Project 2 | Spatial mapping of gene expression to decipher the thymic cellular crosstalk controlling central immune tolerance
The thymus plays a critical role in the immune system through its unique ability to support T-cell development. This organ is composed of a large diversity of cell types (i.e. distinct stromal cells and developing T cells) that reciprocally control their respective differentiation, a process referred to as thymic crosstalk. The main objective of this PhD project is to determine in situ the impact of normal and pathological T cells on the transcriptional programs governing the stromal cell heterogeneity. Recent transcriptomic tools allow to spatially resolve genome-wide gene expression in individual tissue sections at a subcompartment or near single-cell levels. In contrast to single-cell RNA-seq, these cutting-edge technologies conserve the footprint of the tissue structure in which the occurring cellular crosstalk dictates cell fates. We will interrogate both single cell and spatial transcriptomic data as well as highly resolved imaging data sets to generate a comprehensive model of the complex cellular interplay between stromal cells and developing T cells.

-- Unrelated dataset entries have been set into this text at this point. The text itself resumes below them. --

(* In the setting of the structural VAR $A(L)w_t = \epsilon_t$, $A(L)=A_0+A_1L+\cdots+A_pL^p$ with $A_0$ nonsingular, partition $w_t' = (y_t', x_t')$ with $y_t$ of dimension $G$ and $x_t$ of dimension $K$, $G+K=m$, and partition conformably $A(L) = \begin{bmatrix} A_{11}(L) & A_{12}(L)\\ A_{21}(L) & A_{22}(L)\end{bmatrix}$ and $\epsilon_t' = (\epsilon_{1t}', \epsilon_{2t}')$. Suppose the prior restrictions $A_{21}(L)\equiv 0$ and $E(\epsilon_{1t}\epsilon_{2t}')=0$ hold, and that for some $g\le G$ the $g$-th row $a_g'$ of $A=[A_0,\dots,A_p]$ satisfies $a_g'\Phi_g = 0'$ for a known $(p+1)m\times R_g$ matrix $\Phi_g$. Then the $g$-th equation is identified if and only if $$\operatorname{rank}\big[(A_{11}\ \ A_{12})\Phi_g\big] = G-1,$$ where $(A_{11}\ \ A_{12})$ denotes the $G\times(p+1)m$ matrix consisting of the first $G$ rows of $A=[A_0,A_1,\dots,A_p]$.
   Context: Two structures $A$ and $FA$ (with $F$ a nonsingular $m\times m$ matrix and errors $F\epsilon_t$) generate the same reduced form and are observationally equivalent. A nonsingular $F$ is admissible if $FA$ and $F\epsilon_t$ satisfy the same prior restrictions as $A$ and $\epsilon_t$ (here including $A_{21}(L)\equiv 0$, the zero block covariance, and for each equation its own linear restrictions). The $g$-th equation is identified if and only if for every admissible $F$ the $g$-th row of $F$ has the form $(0,\dots,0,f_{gg},0,\dots,0)$ with $f_{gg}\ne 0$. *)

theory Defs
  imports "Jordan_Normal_Form.DL_Rank"
begin

text \<open>Structural VAR  A(L) w_t = eps_t,  A = [A_0, A_1, ..., A_p] is an m x (p+1)m real
matrix; column j of A belongs to lag j div m and to variable j mod m.  Indices are 0-based:
variables 0..G-1 form y_t, variables G..m-1 form x_t.\<close>

text \<open>Prior restriction A_21(L) = 0: rows G..m-1 vanish in the y-columns of every lag.\<close>
definition zero_A21 :: "nat \<Rightarrow> nat \<Rightarrow> nat \<Rightarrow> real mat \<Rightarrow> bool" where
  "zero_A21 G m p A \<longleftrightarrow>
     (\<forall>i j. G \<le> i \<and> i < m \<and> j < Suc p * m \<and> j mod m < G \<longrightarrow> A $$ (i, j) = 0)"

text \<open>Prior restriction E(eps_1t eps_2t') = 0 (zero off-diagonal covariance blocks).\<close>
definition zero_cov_block :: "nat \<Rightarrow> nat \<Rightarrow> real mat \<Rightarrow> bool" where
  "zero_cov_block G m S \<longleftrightarrow>
     (\<forall>i j. i < G \<and> G \<le> j \<and> j < m \<longrightarrow> S $$ (i, j) = 0 \<and> S $$ (j, i) = 0)"

definition eq_restrictions :: "nat \<Rightarrow> (nat \<Rightarrow> real mat) \<Rightarrow> real mat \<Rightarrow> bool" where
  "eq_restrictions m Phi A \<longleftrightarrow>
     (\<forall>i<m. transpose_mat (Phi i) *\<^sub>v row A i = 0\<^sub>v (dim_col (Phi i)))"

text \<open>F is admissible: nonsingular, and F A together with the errors F eps_t
(covariance F Sigma F') satisfy the same prior restrictions.\<close>
definition admissible ::
  "nat \<Rightarrow> nat \<Rightarrow> nat \<Rightarrow> real mat \<Rightarrow> real mat \<Rightarrow> (nat \<Rightarrow> real mat) \<Rightarrow> real mat \<Rightarrow> bool" where
  "admissible G m p A Sig Phi F \<longleftrightarrow>
     F \<in> carrier_mat m m \<and> invertible_mat F \<and>
     zero_A21 G m p (F * A) \<and>
     zero_cov_block G m (F * Sig * transpose_mat F) \<and>
     eq_restrictions m Phi (F * A)"

definition identified ::
  "nat \<Rightarrow> nat \<Rightarrow> nat \<Rightarrow> real mat \<Rightarrow> real mat \<Rightarrow> (nat \<Rightarrow> real mat) \<Rightarrow> nat \<Rightarrow> bool" where
  "identified G m p A Sig Phi g \<longleftrightarrow>
     (\<forall>F. admissible G m p A Sig Phi F \<longrightarrow>
          (\<forall>j<m. j \<noteq> g \<longrightarrow> F $$ (g, j) = 0) \<and> F $$ (g, g) \<noteq> 0)"

end

theory Submission
  imports Defs
begin
(* Let $\mathcal{M}=((X,\mathcal{C}_R),\mathcal{V})$ be a quasi-discrete closure model based on $R$ that is finitely closed and finitely backward closed, viewed as the $\mathcal{T}$-coalgebra $(X,\eta)$ with $\eta(x)=(\mathcal{V}^{-1}(x),\vec{\mathcal{C}}(x),\overleftarrow{\mathcal{C}}(x))$. For all $x_1,x_2\in X$: $x_1\simeq x_2$ iff $x_1$ and $x_2$ are behaviourally equivalent with respect to $\mathcal{T}$.
   Context: $\mathcal{C}_R(A)=A\cup\{x\mid\exists a\in A.\ aRx\}$, $\vec{\mathcal{C}}(x)=\mathcal{C}_R(\{x\})$, $\overleftarrow{\mathcal{C}}(x)=\mathcal{C}_{R^{-1}}(\{x\})$, $\mathcal{V}^{-1}(x)=\{p\in AP\mid x\in\mathcal{V}(p)\}$. Class-based bisimulation: a non-empty equivalence relation $B$ such that $(x_1,x_2)\in B$ implies $\mathcal{V}^{-1}(x_1)=\mathcal{V}^{-1}(x_2)$ and for all $C\in X/B$, $\vec{\mathcal{C}}(x_1)\cap C\neq\emptyset\iff\vec{\mathcal{C}}(x_2)\cap C\neq\emptyset$ and $\overleftarrow{\mathcal{C}}(x_1)\cap C\neq\emptyset\iff\overleftarrow{\mathcal{C}}(x_2)\cap C\neq\emptyset$; $\simeq$ is the union of such relations. $\mathcal{T}X=\mathcal{P}_{fin}(AP)\times\mathcal{P}_{fin}(X)\times\mathcal{P}_{fin}(X)$, $(\mathcal{T}f)(v,z,z')=(v,f[z],f[z'])$; behavioural equivalence means equal images under the unique homomorphism to the final $\mathcal{T}$-coalgebra. *)

theory Defs
  imports Main
begin

definition qdcm :: "'x set \<Rightarrow> ('x \<times> 'x) set \<Rightarrow> ('ap \<Rightarrow> 'x set) \<Rightarrow> bool" where
  "qdcm X R V \<longleftrightarrow> R \<subseteq> X \<times> X \<and> (\<forall>p. V p \<subseteq> X)"

definition closR :: "('x \<times> 'x) set \<Rightarrow> 'x set \<Rightarrow> 'x set" where
  "closR R A = A \<union> {x. \<exists>a\<in>A. (a, x) \<in> R}"

definition fwd_clos :: "('x \<times> 'x) set \<Rightarrow> 'x \<Rightarrow> 'x set" where
  "fwd_clos R x = closR R {x}"

definition bwd_clos :: "('x \<times> 'x) set \<Rightarrow> 'x \<Rightarrow> 'x set" where
  "bwd_clos R x = closR (R\<inverse>) {x}"

definition Vinv :: "('ap \<Rightarrow> 'x set) \<Rightarrow> 'x \<Rightarrow> 'ap set" where
  "Vinv V x = {p. x \<in> V p}"

definition finitely_closed :: "'x set \<Rightarrow> ('x \<times> 'x) set \<Rightarrow> bool" where
  "finitely_closed X R \<longleftrightarrow> (\<forall>x\<in>X. finite (fwd_clos R x))"

definition finitely_backward_closed :: "'x set \<Rightarrow> ('x \<times> 'x) set \<Rightarrow> bool" where
  "finitely_backward_closed X R \<longleftrightarrow> (\<forall>x\<in>X. finite (bwd_clos R x))"

definition cb_bisim :: "'x set \<Rightarrow> ('x \<times> 'x) set \<Rightarrow> ('ap \<Rightarrow> 'x set) \<Rightarrow> ('x \<times> 'x) set \<Rightarrow> bool" where
  "cb_bisim X R V B \<longleftrightarrow> B \<noteq> {} \<and> equiv X B \<and>
     (\<forall>(x1, x2)\<in>B. Vinv V x1 = Vinv V x2 \<and>
        (\<forall>C\<in>X // B.
           (fwd_clos R x1 \<inter> C \<noteq> {} \<longleftrightarrow> fwd_clos R x2 \<inter> C \<noteq> {}) \<and>
           (bwd_clos R x1 \<inter> C \<noteq> {} \<longleftrightarrow> bwd_clos R x2 \<inter> C \<noteq> {})))"

definition cb_bisimilar :: "'x set \<Rightarrow> ('x \<times> 'x) set \<Rightarrow> ('ap \<Rightarrow> 'x set) \<Rightarrow> ('x \<times> 'x) set" where
  "cb_bisimilar X R V = \<Union> {B. cb_bisim X R V B}"

definition Tobj :: "'y set \<Rightarrow> ('ap set \<times> 'y set \<times> 'y set) set" where
  "Tobj Y = {(v, z, z'). finite v \<and> finite z \<and> z \<subseteq> Y \<and> finite z' \<and> z' \<subseteq> Y}"

definition Tmap :: "('x \<Rightarrow> 'y) \<Rightarrow> ('ap set \<times> 'x set \<times> 'x set) \<Rightarrow> ('ap set \<times> 'y set \<times> 'y set)" where
  "Tmap f t = (case t of (v, z, z') \<Rightarrow> (v, f ` z, f ` z'))"

definition T_coalg :: "'y set \<Rightarrow> ('y \<Rightarrow> 'ap set \<times> 'y set \<times> 'y set) \<Rightarrow> bool" where
  "T_coalg Y \<gamma> \<longleftrightarrow> (\<forall>y\<in>Y. \<gamma> y \<in> Tobj Y)"

definition T_hom :: "'x set \<Rightarrow> ('x \<Rightarrow> 'ap set \<times> 'x set \<times> 'x set) \<Rightarrow>
                     'y set \<Rightarrow> ('y \<Rightarrow> 'ap set \<times> 'y set \<times> 'y set) \<Rightarrow> ('x \<Rightarrow> 'y) \<Rightarrow> bool" where
  "T_hom X \<eta> Y \<gamma> f \<longleftrightarrow> (\<forall>x\<in>X. f x \<in> Y \<and> Tmap f (\<eta> x) = \<gamma> (f x))"

definition eta :: "('x \<times> 'x) set \<Rightarrow> ('ap \<Rightarrow> 'x set) \<Rightarrow> 'x \<Rightarrow> 'ap set \<times> 'x set \<times> 'x set" where
  "eta R V x = (Vinv V x, fwd_clos R x, bwd_clos R x)"

text \<open>Behavioural equivalence: identified by some T-coalgebra homomorphism out of (X, eta).
  (Equivalent to equality of images under the unique map into the final T-coalgebra;
  every homomorphic image of (X, eta) is isomorphic to one carried by a set of
  subsets of X, so the target carrier type 'x set suffices.)\<close>

definition beh_equiv :: "'x set \<Rightarrow> ('x \<times> 'x) set \<Rightarrow> ('ap \<Rightarrow> 'x set) \<Rightarrow> 'x \<Rightarrow> 'x \<Rightarrow> bool" where
  "beh_equiv X R V x1 x2 \<longleftrightarrow>
     (\<exists>(Y :: 'x set set) \<gamma> f. T_coalg Y \<gamma> \<and> T_hom X (eta R V) Y \<gamma> f \<and> f x1 = f x2)"

end

theory Submission
  imports Defs
begin

text \<open>For an equivalence B on X, the set of B-classes met by a set S \<subseteq> X is the image of S
  under the projection x \<mapsto> [x]_B. Hence B is a class-based bisimulation iff
  Tmap [-]_B \<circ> eta is constant on B-classes, i.e. iff eta descends to a T-coalgebra on X/B
  for which the projection is a homomorphism; the finiteness hypotheses make the quotient
  structure land in the finite powersets. Conversely, the image of a set under a map only
  depends on the kernel of the map, so the kernel of any homomorphism out of (X, eta) is a
  class-based bisimulation.\<close>

lemma fwd_clos_subset: "R \<subseteq> X \<times> X \<Longrightarrow> x \<in> X \<Longrightarrow> fwd_clos R x \<subseteq> X"
  unfolding fwd_clos_def closR_def by auto

lemma bwd_clos_subset: "R \<subseteq> X \<times> X \<Longrightarrow> x \<in> X \<Longrightarrow> bwd_clos R x \<subseteq> X"
  unfolding bwd_clos_def closR_def by auto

Study of thymic cell interactions (A) by local characterisation of transcrits genes (B)
Our objectives are (i) to provide the first spatially resolved comprehensive picture of thymus transcriptome, (ii) to spatially map the transcriptional response to thymic crosstalk perturbations and (iii) to develop computational models of cellular crosstalk and the associated bioinformatics tools. By implementing dedicated spatiofunctional graphical rendering, this project is expected to reveal the dynamically regulated transcriptional signatures by crosstalk in specific thymic niches.